Claude Code · Install into ~/.claude/skills/

T=$(mktemp -d) && git clone --depth=1 https://github.com/jeremylongshore/claude-code-plugins-plus-skills "$T" && mkdir -p ~/.claude/skills && cp -r "$T/plugins/saas-packs/notion-pack/skills/notion-prod-checklist" ~/.claude/skills/jeremylongshore-claude-code-plugins-notion-prod-checklist && rm -rf "$T"
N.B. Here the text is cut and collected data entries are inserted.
(* If $X$ is a uniformly joinable uniform space and $x_0\in X$, then $\mathrm{pro}\text{-}\pi_1(GP(X,x_0),y_0)$ is trivial, where $y_0$ is the constant generalized path at $x_0$.
   Context: $R(Z,E)$ is the Rips complex of a uniform space $Z$ (vertex set $Z$, simplices the finite $F$ with $F\times F\subset E$); $e(x,y)$ is the edge-path. $\mathrm{pro}\text{-}\pi_1(Z,z)=\{\pi_1(R(Z,E),z)\}_E$ (reverse inclusion, inclusion-induced maps); it is trivial if for every $E$ there is $F\subset E$ with $\pi_1(R(Z,F),z)\to\pi_1(R(Z,E),z)$ trivial. Paths $c,d$ in $R(X,E)$ with end-points in $X$ are $E$-homotopic if their initial points $x_c,x_d$ and terminal points $y_c,y_d$ satisfy $(x_c,x_d),(y_c,y_d)\in E$ and $c\simeq e(x_c,x_d)\ast d\ast e(y_d,y_c)$ rel. end-points in $R(X,E)$. A generalized path from $x$ to $y$ is a family $\{[c_E]\}_E$ of homotopy classes rel. end-points of paths from $x$ to $y$ in $R(X,E)$ with $c_F\simeq c_E$ in $R(X,E)$ for $F\subset E$; it is $F$-short if $(x,y)\in F$ and $c_F\simeq e(x,y)$ in $R(X,F)$. $GP(X,x_0)$ is the set of generalized paths starting at $x_0$ with the uniform structure whose base consists of the sets $F^\ast$ of pairs $(c,d)$ with $c_F$ $F$-homotopic to $d_F$. $X$ is uniformly joinable if for each entourage $E$ there is an entourage $F$ such that any $(x,y)\in F$ are joined by an $E$-short generalized path. *)

theory Defs
  imports Complex_Main
begin

definition rips_simplex :: "'v set \<Rightarrow> ('v \<times> 'v) set \<Rightarrow> 'v set \<Rightarrow> bool" where
  "rips_simplex Z E S \<longleftrightarrow> finite S \<and> S \<noteq> {} \<and> S \<subseteq> Z \<and> S \<times> S \<subseteq> E"

definition edge_path :: "'v set \<Rightarrow> ('v \<times> 'v) set \<Rightarrow> 'v list \<Rightarrow> bool" where
  "edge_path Z E c \<longleftrightarrow> c \<noteq> [] \<and> set c \<subseteq> Z \<and>
     (\<forall>i. Suc i < length c \<longrightarrow> rips_simplex Z E {c ! i, c ! Suc i})"

definition ep_move :: "'v set \<Rightarrow> ('v \<times> 'v) set \<Rightarrow> 'v list \<Rightarrow> 'v list \<Rightarrow> bool" where
  "ep_move Z E xs ys \<longleftrightarrow>
     (\<exists>as u v w bs. xs = as @ [u, v, w] @ bs \<and> ys = as @ [u, w] @ bs \<and> rips_simplex Z E {u, v, w}) \<or>
     (\<exists>as u bs. xs = as @ [u, u] @ bs \<and> ys = as @ [u] @ bs \<and> rips_simplex Z E {u})"

text \<open>Homotopy rel. end-points of edge paths in R(Z,E) (edge-path equivalence).\<close>
definition ep_equiv :: "'v set \<Rightarrow> ('v \<times> 'v) set \<Rightarrow> 'v list \<Rightarrow> 'v list \<Rightarrow> bool" where
  "ep_equiv Z E c d \<longleftrightarrow> edge_path Z E c \<and>
     (\<lambda>a b. ep_move Z E a b \<or> ep_move Z E b a)\<^sup>*\<^sup>* c d"
(* $$\sum_{n=1}^\infty \frac{H_n \binom{2n}{n}}{n(n+1)\, 2^{2n}} = \frac{\pi^2}{3} - 4\log 2.$$
   Context: $H_n=\sum_{k=1}^n \frac{1}{k}$ denotes the $n$-th harmonic number and $\binom{2n}{n}$ the central binomial coefficient; $\log$ is the natural logarithm. *)

theory Defs
  imports "HOL-Analysis.Analysis"
begin

end

theory Submission
  imports Defs "HOL-Real_Asymp.Real_Asymp"
begin

(* Write c_n = binom(2n, n) / 4^n and split 1/(n(n+1)) = 1/n - 1/(n+1).

   Since c_n - c_(n+1) = c_n / (2n+2), the terms H_n c_n / (n+1) are 2 H_n (c_n - c_(n+1)), and
   summation by parts (H_n c_n -> 0) turns their sum into 2 sum c_n / n. Integrating the binomial
   series sum c_n y^n = 1 / sqrt(1-y) gives sum c_n y^n / n = 2 ln 2 - 2 ln(1 + sqrt(1-y)), hence
   sum c_n / n = 2 ln 2.

   For the other half, H_n / n = sum_k 1 / (k (k+n)), and induction on k with the recurrence of c_n
   gives sum_n c_n / (n+k) = 1 / (k c_k). Exchanging the order of summation of the resulting
   non-negative double series yields sum_n c_n H_n / n = sum_k (1 / (k^2 c_k) - 1 / k^2)
   = pi^2/2 - pi^2/6, where the first value comes from sum y^n / (2 n^2 c_n) = arcsin(sqrt y)^2:
   after the substitution y = sin^2 t, the second-order differential equation satisfied by this
   power series integrates twice to t^2.

   Both evaluations at y = 1 use that for non-negative coefficients the limit of the power series
   as y -> 1- is the sum of the coefficients. *)

section \<open>Double series and power series\<close>

lemma sums_swap_nonneg:
  fixes F :: "nat \<Rightarrow> nat \<Rightarrow> real"
  assumes nonneg: "\<And>k n. F k n \<ge> 0"
    and rows: "\<And>k. (\<lambda>n. F k n) sums g k"
    and cols: "\<And>n. (\<lambda>k. F k n) sums h n"
    and "g sums s"
  shows "h sums s"
proof -
  have "g k \<ge> 0" for k
    using sums_le[OF _ sums_zero rows] nonneg by blast
  with \<open>g sums s\<close> have g: "(g has_sum s) UNIV"
    by (rule sums_nonneg_imp_has_sum)
  have row: "((\<lambda>n. F k n) has_sum g k) UNIV" for k
    using rows nonneg by (rule sums_nonneg_imp_has_sum)
  have "(\<lambda>(k, n). F k n) summable_on UNIV \<times> UNIV"
    using row g nonneg by (intro summable_on_SigmaI[where g = g]) (auto simp: has_sum_imp_summable)
  then have "((\<lambda>(k, n). F k n) has_sum s) (UNIV \<times> UNIV)"
    using row g by (intro has_sum_SigmaI[where g = g]) auto
  then have swapped: "((\<lambda>(n, k). F k n) has_sum s) (UNIV \<times> UNIV)"
    by (subst (asm) has_sum_swap) (simp add: case_prod_unfold)
  have "((\<lambda>k. F k n) has_sum h n) UNIV" for n
    using cols nonneg by (rule sums_nonneg_imp_has_sum)
  then have "(h has_sum s) UNIV"
    by (intro has_sum_SigmaD[OF swapped]) simp
  then show ?thesis
    by (rule has_sum_imp_sums)
qed
(* Let $N\ge2$ and let $(b,d)\in\mathbb{Z}^2$ be primitive with $N\nmid d$. Then there exists a sequence $v_0,\dots,v_k\in\mathbb{Z}^2$, $v_i=(b_i,d_i)$, with $v_0=(0,1)$, $v_k=(b,d)$, $b_{i}d_{i+1}-b_{i+1}d_{i}=1$ for $0\le i<k$, and $N\nmid d_i$ for all $0\le i\le k$. *)

theory Defs
  imports Main
begin

end

theory Submission
  imports Defs
begin

text \<open>
  Descent on \<open>\<bar>d\<bar>\<close>. For primitive \<open>(b, d)\<close> with \<open>\<bar>d\<bar> \<ge> 2\<close>, Bezout gives some \<open>(a, c)\<close> with
  \<open>a d - b c = 1\<close>, and this determinant is unchanged when a multiple of \<open>(b, d)\<close> is added to
  \<open>(a, c)\<close>. Hence \<open>c\<close> may be taken in the window \<open>0 < \<bar>c\<bar> < \<bar>d\<bar>\<close>, where both \<open>c\<close> and \<open>c - d\<close>
  are admissible; as \<open>N \<nmid> d\<close>, one of them is not divisible by \<open>N\<close>, and by induction the chain
  reaching it is extended by \<open>(b, d)\<close>. The base cases \<open>(b, \<plusminus>1)\<close> are reached by walking along
  \<open>d = \<plusminus>1\<close>.
\<close>

inductive reachable :: "int \<Rightarrow> int \<Rightarrow> int \<Rightarrow> bool" for N :: int where
  start: "\<not> N dvd 1 \<Longrightarrow> reachable N 0 1"
| step: "reachable N a c \<Longrightarrow> a * d - b * c = 1 \<Longrightarrow> \<not> N dvd d \<Longrightarrow> reachable N b d"

lemma reachable_imp_chain:
  assumes "reachable N b d"
  shows "\<exists>(k::nat) (bs::nat \<Rightarrow> int) (ds::nat \<Rightarrow> int).
           bs 0 = 0 \<and> ds 0 = 1 \<and> bs k = b \<and> ds k = d \<and>
           (\<forall>i<k. bs i * ds (Suc i) - bs (Suc i) * ds i = 1) \<and>
           (\<forall>i\<le>k. \<not> N dvd ds i)"
  using assms
proof (induction rule: reachable.induct)
  case start
  then show ?case
    by (intro exI[of _ 0] exI[of _ "\<lambda>_. 0"] exI[of _ "\<lambda>_. 1"]) auto
next
  case (step a c d b)
  then obtain k bs ds where chain: "bs 0 = 0" "ds 0 = 1" "bs k = a" "ds k = c"
    "\<forall>i<k. bs i * ds (Suc i) - bs (Suc i) * ds i = 1" "\<forall>i\<le>k. \<not> N dvd ds i"
    by blast
  let ?bs = "bs(Suc k := b)" and ?ds = "ds(Suc k := d)"
  have "\<forall>i<Suc k. ?bs i * ?ds (Suc i) - ?bs (Suc i) * ?ds i = 1"
    using chain step.hyps by (auto simp: less_Suc_eq)
  moreover have "\<forall>i\<le>Suc k. \<not> N dvd ?ds i"
    using chain step.hyps by (auto simp: le_Suc_eq)
  ultimately show ?case
    using chain by (intro exI[of _ "Suc k"] exI[of _ ?bs] exI[of _ ?ds]) auto
qed

lemma reachable_uminus:
  assumes "reachable N b d"
  shows "reachable N (-b) (-d)"
  using assms
proof (induction rule: reachable.induct)
  case start
  have "reachable N (-1) 1"
    using reachable.step[OF reachable.start] start by simp
  then show ?case
    using reachable.step[of N "-1" 1 "-1" 0] start by simp
next
  case (step a c d b)
  then show ?case by (intro reachable.step[OF step.IH]) auto
qed

lemma reachable_denominator_one:
  assumes "\<not> N dvd 1"
  shows "reachable N b 1"
proof (induction b rule: int_induct[where k = 0])
  case base
  show ?case using assms by (rule reachable.start)
next
  case (step1 b)
  \<comment> \<open>the only upward move along \<open>d = 1\<close> passes through \<open>d = -1\<close>\<close>
  have "reachable N (-b) (-1)" using reachable_uminus[OF step1.IH] by simp
  from reachable.step[OF this, of 1 "b + 1"] assms show ?case by simp
next
  case (step2 b)
  show ?case using reachable.step[OF step2.IH, of 1 "b - 1"] assms by simp
qed

lemma unimodular_imp_gcd_eq_1:
  fixes a b c d :: int
  assumes "a * d - b * c = 1"
  shows "gcd a c = 1"
proof -
  have "gcd a c dvd a * d - b * c" by simp
  then show ?thesis using assms by simp
qed

lemma unimodular_descent:
  fixes N b d :: int
  assumes "gcd b d = 1" and "\<not> N dvd d" and "\<bar>d\<bar> \<ge> 2"
  obtains a c where "a * d - b * c = 1" and "\<bar>c\<bar> < \<bar>d\<bar>" and "\<not> N dvd c"
proof -
  obtain u v where "u * b + v * d = 1"
    using bezout_int[of b d] assms(1) by auto
  define q where "q = (-u) div d"
  define c where "c = (-u) mod d"
  define a where "a = v - q * b"
  have c_eq: "c = -u - q * d"
    unfolding c_def q_def by (simp add: minus_div_mult_eq_mod [symmetric])
  have "a * d - b * c = u * b + v * d"
    unfolding a_def c_eq by (simp add: algebra_simps)
  with \<open>u * b + v * d = 1\<close> have det: "a * d - b * c = 1" by simp
  have "c \<noteq> 0"
  proof
    assume "c = 0"
    then have "a * d = 1" using det by simp
    then have "d dvd 1" by (metis dvd_triv_right)
    with assms(3) show False by auto
  qed
  then have "sgn c = sgn d"
    unfolding c_def using assms(3) by (intro sgn_mod) auto
  moreover have "\<bar>c\<bar> < \<bar>d\<bar>"
    unfolding c_def using assms(3) by (intro abs_mod_less) auto
  ultimately have "\<bar>c - d\<bar> < \<bar>d\<bar>"
    using \<open>c \<noteq> 0\<close> by (auto simp: sgn_if split: if_splits)
  have "\<not> N dvd c \<or> \<not> N dvd (c - d)"
    using assms(2) dvd_diff[of N c "c - d"] by auto
  moreover have "(a - b) * d - b * (c - d) = 1"
    using det by (simp add: algebra_simps)
  ultimately show thesis
    using that det \<open>\<bar>c\<bar> < \<bar>d\<bar>\<close> \<open>\<bar>c - d\<bar> < \<bar>d\<bar>\<close> by blast
qed

lemma reachable_if_coprime:
  fixes N b d :: int
  assumes "gcd b d = 1" and "\<not> N dvd d"
  shows "reachable N b d"
  using assms
proof (induction "nat \<bar>d\<bar>" arbitrary: b d rule: less_induct)
  case less
  have N_nonunit: "\<not> N dvd 1" using less.prems(2) by (meson dvd_trans one_dvd)
  have "d \<noteq> 0" using less.prems(2) by auto
  then consider "d = 1" | "d = -1" | "\<bar>d\<bar> \<ge> 2" by linarith
  then show ?case
  proof cases
    case 1
    then show ?thesis using reachable_denominator_one[OF N_nonunit] by simp
  next
    case 2
    then show ?thesis
      using reachable_uminus[OF reachable_denominator_one[OF N_nonunit, of "-b"]] by simp
  next
    case 3
    then obtain a c where det: "a * d - b * c = 1" and "\<bar>c\<bar> < \<bar>d\<bar>" "\<not> N dvd c"
      using unimodular_descent[OF less.prems] by blast
    then have "reachable N a c"
      using less.hyps unimodular_imp_gcd_eq_1[OF det] by simp
    then show ?thesis using det less.prems(2) by (rule reachable.step)
  qed
qed

theorem mainTheorem8:
  fixes N :: int and b d :: int
  assumes "N \<ge> 2"
    and "gcd b d = 1"
    and "\<not> N dvd d"
  shows "\<exists>(k::nat) (bs::nat \<Rightarrow> int) (ds::nat \<Rightarrow> int).
           bs 0 = 0 \<and> ds 0 = 1 \<and> bs k = b \<and> ds k = d \<and>
           (\<forall>i<k. bs i * ds (Suc i) - bs (Suc i) * ds i = 1) \<and>
           (\<forall>i\<le>k. \<not> N dvd ds i)"
  using reachable_imp_chain[OF reachable_if_coprime[OF assms(2,3)]] .

end
(* Let $d_2$ be the river metric on $\mathbb R^2$. For $P=(P^{(1)},P^{(2)})\in\mathbb R^2$ let $P^*=(P^{(1)},0)$. Then for all $P_1,P_2\in\mathbb R^2$: (i) if $P_2\in\{(1-a)P_1^*+aP_1:\ a\in[0,1)\}$, then $\mathcal C_{d_2}(P_1,P_2)=\mathbb R^2\setminus\{P_2+t(P_1-P_1^* ):\ t>0\}$; (ii) if $P_1\neq P_2$, $P_2\notin\{(1-a)P_1^*+aP_1:\ a\in[0,1)\}$ and $P_2^{(2)}\neq0$, then $\mathcal C_{d_2}(P_1,P_2)=\{(P_2^{(1)},sP_2^{(2)}):\ s\ge1\}$; (iii) if $P_1^{(1)}\ne P_2^{(1)}$ and $P_2^{(2)}=0$, then $\mathcal C_{d_2}(P_1,P_2)=\{x\in\mathbb R:\ (x-P_2^{(1)})(P_2^{(1)}-P_1^{(1)})\ge0\}\times\mathbb R$; (iv) if $P_1=P_2$, then $\mathcal C_{d_2}(P_1,P_2)=\mathbb R^2$.
   Context: Points of $\mathbb R^2$ are written $A=(A^{(1)},A^{(2)})$. The river metric is $d_2(A,B)=|A^{(2)}-B^{(2)}|$ if $A^{(1)}=B^{(1)}$, and $d_2(A,B)=|A^{(2)}|+|A^{(1)}-B^{(1)}|+|B^{(2)}|$ if $A^{(1)}\neq B^{(1)}$. For a metric $d$ on a set $M$ and $A,B\in M$, $\mathcal C_d(A,B)=\{X\in M:\ d(X,A)=d(X,B)+d(A,B)<+\infty\}$. *)

theory Defs
  imports "HOL-Analysis.Analysis"
begin

definition river_dist :: "real \<times> real \<Rightarrow> real \<times> real \<Rightarrow> real" where
  "river_dist A B =
     (if fst A = fst B then \<bar>snd A - snd B\<bar>
      else \<bar>snd A\<bar> + \<bar>fst A - fst B\<bar> + \<bar>snd B\<bar>)"

text \<open>C_d(A,B) = {X. d(X,A) = d(X,B) + d(A,B) < +\<infinity>}; for a real-valued
  metric the finiteness condition is automatic.\<close>
definition metric_cone :: "('a \<Rightarrow> 'a \<Rightarrow> real) \<Rightarrow> 'a \<Rightarrow> 'a \<Rightarrow> 'a set" where
  "metric_cone d A B = {X. d X A = d X B + d A B}"

definition proj_star :: "real \<times> real \<Rightarrow> real \<times> real" where
  "proj_star P = (fst P, 0)"

end

theory Submission
  imports Defs
begin

text \<open>A point X lies in the cone C(P1,P2) iff P2 lies on a geodesic of the river metric from X to
  P1. Such geodesics run vertically within one line x = const and otherwise descend to the river
  y = 0, move along it and climb up again. Hence membership in the cone reduces to betweenness on
  the real line: of the second coordinates if P1, P2 lie on one vertical line, and of the first
  coordinates (with P2 forced onto the river) otherwise.\<close>

lemma between_real_iff: "between (u, w) (v::real) \<longleftrightarrow> \<bar>u - w\<bar> = \<bar>u - v\<bar> + \<bar>v - w\<bar>"
  by (simp add: between dist_real_def)

lemma between_zero_iff_scaled:
  "between (0, w) (v::real) \<longleftrightarrow> (\<exists>a. 0 \<le> a \<and> a \<le> 1 \<and> v = a * w)"
  by (auto simp: between_mem_segment closed_segment_def)

lemma between_zero_iff_multiple:
  assumes "v \<noteq> 0"
  shows "between (0, u) (v::real) \<longleftrightarrow> (\<exists>s\<ge>1. u = s * v)"
proof
  assume "between (0, u) v"
  then obtain a where "0 \<le> a" "a \<le> 1" "v = a * u" by (auto simp: between_zero_iff_scaled)
  with assms show "\<exists>s\<ge>1. u = s * v"
    by (intro exI[of _ "1 / a"]) (auto simp: field_simps)
next
  assume "\<exists>s\<ge>1. u = s * v"
  then obtain s where "s \<ge> 1" "u = s * v" by blast
  then show "between (0, u) v"
    unfolding between_zero_iff_scaled by (intro exI[of _ "1 / s"]) auto
qed

lemma ex_pos_multiple_iff:
  assumes "(w::real) \<noteq> 0"
  shows "(\<exists>t>0. u = t * w) \<longleftrightarrow> 0 < u * w"
proof
  assume "\<exists>t>0. u = t * w"
  then obtain t where "0 < t" "u = t * w" by blast
  moreover have "0 < w * w" using assms by (auto simp: zero_less_mult_iff)
  ultimately show "0 < u * w" by (metis mult.assoc mult_pos_pos)
next
  assume "0 < u * w"
  with assms show "\<exists>t>0. u = t * w"
    by (intro exI[of _ "u / w"]) (auto simp: field_simps zero_less_mult_iff zero_less_divide_iff)
qed

lemma between_iff_not_beyond:
  assumes "between (0, w) v" "v \<noteq> w"
  shows "between (u, w) (v::real) \<longleftrightarrow> \<not> 0 < (u - v) * w"
  using assms unfolding between_real_iff zero_less_mult_iff by linarith

lemma between_iff_between_zero:
  assumes "\<not> between (0, w) v"
  shows "between (u, w) (v::real) \<longleftrightarrow> between (0, u) v"
  using assms unfolding between_real_iff by linarith

lemma between_real_iff_mult: "between (u, w) (v::real) \<longleftrightarrow> 0 \<le> (u - v) * (v - w)"
  unfolding between_real_iff zero_le_mult_iff by linarith

lemma metric_cone_refl: "d A A = 0 \<Longrightarrow> metric_cone d A A = UNIV"
  by (simp add: metric_cone_def)

lemma river_cone_same_line:
  assumes "fst A = fst B"
  shows "X \<in> metric_cone river_dist A B \<longleftrightarrow>
    (if fst X = fst A then between (snd X, snd A) (snd B) else between (0, snd A) (snd B))"
  using assms by (auto simp: metric_cone_def river_dist_def between_real_iff abs_minus_commute)

lemma river_cone_different_lines:
  assumes "fst A \<noteq> fst B"
  shows "X \<in> metric_cone river_dist A B \<longleftrightarrow>
    fst X = fst B \<and> between (0, snd X) (snd B) \<or> snd B = 0 \<and> between (fst X, fst A) (fst B)"
  using assms unfolding metric_cone_def river_dist_def between_real_iff
  by (auto simp: abs_minus_commute; smt (verit))

lemma river_segment_iff:
  assumes "P2 \<noteq> P1"
  shows "P2 \<in> {(1 - a) *\<^sub>R proj_star P1 + a *\<^sub>R P1 | a. 0 \<le> a \<and> a < 1} \<longleftrightarrow>
    fst P2 = fst P1 \<and> between (0, snd P1) (snd P2)"
proof -
  have point: "(1 - a) *\<^sub>R proj_star P1 + a *\<^sub>R P1 = (fst P1, a * snd P1)" for a
    by (cases P1) (simp add: proj_star_def algebra_simps)
  have "a < 1" if "0 \<le> a" "a \<le> 1" "P2 = (fst P1, a * snd P1)" for a
    using that assms by (cases "a = 1") auto
  then show ?thesis
    unfolding point between_zero_iff_scaled by (cases P2) force
qed

lemma river_cone_segment_case:
  assumes "fst P2 = fst P1" "between (0, snd P1) (snd P2)" "P2 \<noteq> P1"
  shows "metric_cone river_dist P1 P2 = UNIV - {P2 + t *\<^sub>R (P1 - proj_star P1) | t. t > 0}"
proof -
  have "snd P2 \<noteq> snd P1"
    using assms(1,3) by (auto simp: prod_eq_iff)
  then have "snd P1 \<noteq> 0"
    using assms(2) by auto
  have "X \<in> metric_cone river_dist P1 P2 \<longleftrightarrow> \<not> (fst X = fst P2 \<and> 0 < (snd X - snd P2) * snd P1)"
    for X
    using assms \<open>snd P2 \<noteq> snd P1\<close> by (simp add: river_cone_same_line between_iff_not_beyond)
  also have "\<dots> X \<longleftrightarrow> X \<notin> {P2 + t *\<^sub>R (P1 - proj_star P1) | t. t > 0}" for X
    using ex_pos_multiple_iff[OF \<open>snd P1 \<noteq> 0\<close>, of "snd X - snd P2"]
    by (auto simp: proj_star_def prod_eq_iff algebra_simps)
  finally show ?thesis
    by blast
qed

lemma river_cone_ray_case:
  assumes "\<not> (fst P2 = fst P1 \<and> between (0, snd P1) (snd P2))" "snd P2 \<noteq> 0"
  shows "metric_cone river_dist P1 P2 = {(fst P2, s * snd P2) | s. s \<ge> 1}"
proof -
  have "X \<in> metric_cone river_dist P1 P2 \<longleftrightarrow> fst X = fst P2 \<and> between (0, snd X) (snd P2)"
    for X
    using assms
    by (cases "fst P1 = fst P2")
      (auto simp: river_cone_same_line river_cone_different_lines between_iff_between_zero)
  then show ?thesis
    using assms(2) by (auto simp: between_zero_iff_multiple prod_eq_iff)
qed

lemma river_cone_river_case:
  assumes "fst P1 \<noteq> fst P2" "snd P2 = 0"
  shows "metric_cone river_dist P1 P2 = {x. (x - fst P2) * (fst P2 - fst P1) \<ge> 0} \<times> UNIV"
  using assms by (auto simp: river_cone_different_lines between_real_iff_mult)

theorem proposition2p5:
  fixes P1 P2 :: "real \<times> real"
  shows
  "(P1 \<noteq> P2 \<and> P2 \<in> {(1 - a) *\<^sub>R proj_star P1 + a *\<^sub>R P1 | a. 0 \<le> a \<and> a < 1} \<longrightarrow>
      metric_cone river_dist P1 P2 = UNIV - {P2 + t *\<^sub>R (P1 - proj_star P1) | t. t > 0})
 \<and> (P1 \<noteq> P2 \<and> P2 \<notin> {(1 - a) *\<^sub>R proj_star P1 + a *\<^sub>R P1 | a. 0 \<le> a \<and> a < 1}
      \<and> snd P2 \<noteq> 0 \<longrightarrow>
      metric_cone river_dist P1 P2 = {(fst P2, s * snd P2) | s. s \<ge> 1})
 \<and> (fst P1 \<noteq> fst P2 \<and> snd P2 = 0 \<longrightarrow>
      metric_cone river_dist P1 P2 = {x. (x - fst P2) * (fst P2 - fst P1) \<ge> 0} \<times> UNIV)
 \<and> (P1 = P2 \<longrightarrow> metric_cone river_dist P1 P2 = UNIV)"
proof (intro conjI impI)
  show "metric_cone river_dist P1 P2 = UNIV - {P2 + t *\<^sub>R (P1 - proj_star P1) | t. t > 0}"
    if "P1 \<noteq> P2 \<and> P2 \<in> {(1 - a) *\<^sub>R proj_star P1 + a *\<^sub>R P1 | a. 0 \<le> a \<and> a < 1}"
    using that river_segment_iff[of P2 P1] river_cone_segment_case[of P2 P1] by metis
  show "metric_cone river_dist P1 P2 = {(fst P2, s * snd P2) | s. s \<ge> 1}"
    if "P1 \<noteq> P2 \<and> P2 \<notin> {(1 - a) *\<^sub>R proj_star P1 + a *\<^sub>R P1 | a. 0 \<le> a \<and> a < 1}
      \<and> snd P2 \<noteq> 0"
    using that river_segment_iff[of P2 P1] river_cone_ray_case[of P2 P1] by metis
  show "metric_cone river_dist P1 P2 = {x. (x - fst P2) * (fst P2 - fst P1) \<ge> 0} \<times> UNIV"
    if "fst P1 \<noteq> fst P2 \<and> snd P2 = 0"
    using that river_cone_river_case by blast
  show "metric_cone river_dist P1 P2 = UNIV" if "P1 = P2"
    using that metric_cone_refl[of river_dist] by (simp add: river_dist_def)
qed

end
manifest: plugins/saas-packs/notion-pack/skills/notion-prod-checklist/SKILL.md

Notion API Production Deployment Checklist

Overview

Structured 12-section checklist for deploying Notion API integrations to production. Covers authentication security, capability scoping, page sharing, rate limit compliance, pagination correctness, error handling, API versioning, retry logic, monitoring, graceful degradation, data validation, and OAuth token lifecycle. Each section maps to a specific failure mode observed in production Notion integrations.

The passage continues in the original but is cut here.